== Task to carry out ==
The records should be restated exactly from their first line through the line with "then show ?case" in it.

== Recorded information ==
lemma count_arrows_True_le_Uplus:
  assumes inf: "infinite {j. 1 \<le> j \<and> \<not> b j}" and less: "count_arrows b False m < n"
  shows "count_arrows b True m \<le> Uplus b n"
proof -
  define S where "S = {j. 1 \<le> j \<and> \<not> b j}"
  define J where "J = enumerate S (n - 1)"
  have "n \<noteq> 0"
    using less by simp
  have "m < J"
  proof (rule ccontr)
    assume "\<not> m < J"
    then have "insert J {s \<in> S. s < J} \<subseteq> {j. 1 \<le> j \<and> j \<le> m \<and> b j = False}"
      using enumerate_in_set[of S] inf by (auto simp: S_def J_def)
    then have "card (insert J {s \<in> S. s < J}) \<le> count_arrows b False m"
      unfolding count_arrows_def by (rule card_mono[rotated]) (auto intro: finite_subset[of _ "{..m}"])
    then show False
      using card_less_enumerate[of S "n - 1"] inf less \<open>n \<noteq> 0\<close> by (simp add: S_def J_def)
  qed
  then have "{j. 1 \<le> j \<and> j \<le> m \<and> b j = True} \<subseteq> {i. 1 \<le> i \<and> i < nth_index b False n \<and> b i}"
    by (auto simp: nth_index_def J_def S_def)
  then show ?thesis
    unfolding count_arrows_def Uplus_def using \<open>n \<noteq> 0\<close>
    by (auto intro: card_mono finite_subset[of _ "{..<nth_index b False n}"])
qed

lemma walk_ge_start:
  assumes "\<And>t. walk a x t \<noteq> x - 1"
  shows "x \<le> walk a x t"
proof (induction t)
  case (Suc t)
  then show ?case
    using walk_Suc_cases[of a x t] assms[of "Suc t"] by auto
qed simp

== Task response ==
lemma count_arrows_True_le_Uplus:
  assumes inf: "infinite {j. 1 \<le> j \<and> \<not> b j}" and less: "count_arrows b False m < n"
  shows "count_arrows b True m \<le> Uplus b n"
proof -
  define S where "S = {j. 1 \<le> j \<and> \<not> b j}"
  define J where "J = enumerate S (n - 1)"
  have "n \<noteq> 0"
    using less by simp
  have "m < J"
  proof (rule ccontr)
    assume "\<not> m < J"
    then have "insert J {s \<in> S. s < J} \<subseteq> {j. 1 \<le> j \<and> j \<le> m \<and> b j = False}"
      using enumerate_in_set[of S] inf by (auto simp: S_def J_def)
    then have "card (insert J {s \<in> S. s < J}) \<le> count_arrows b False m"
      unfolding count_arrows_def by (rule card_mono[rotated]) (auto intro: finite_subset[of _ "{..m}"])
    then show False
      using card_less_enumerate[of S "n - 1"] inf less \<open>n \<noteq> 0\<close> by (simp add: S_def J_def)
  qed
  then have "{j. 1 \<le> j \<and> j \<le> m \<and> b j = True} \<subseteq> {i. 1 \<le> i \<and> i < nth_index b False n \<and> b i}"
    by (auto simp: nth_index_def J_def S_def)
  then show ?thesis
    unfolding count_arrows_def Uplus_def using \<open>n \<noteq> 0\<close>
    by (auto intro: card_mono finite_subset[of _ "{..<nth_index b False n}"])
qed

lemma walk_ge_start:
  assumes "\<And>t. walk a x t \<noteq> x - 1"
  shows "x \<le> walk a x t"
proof (induction t)
  case (Suc t)
  then show ?case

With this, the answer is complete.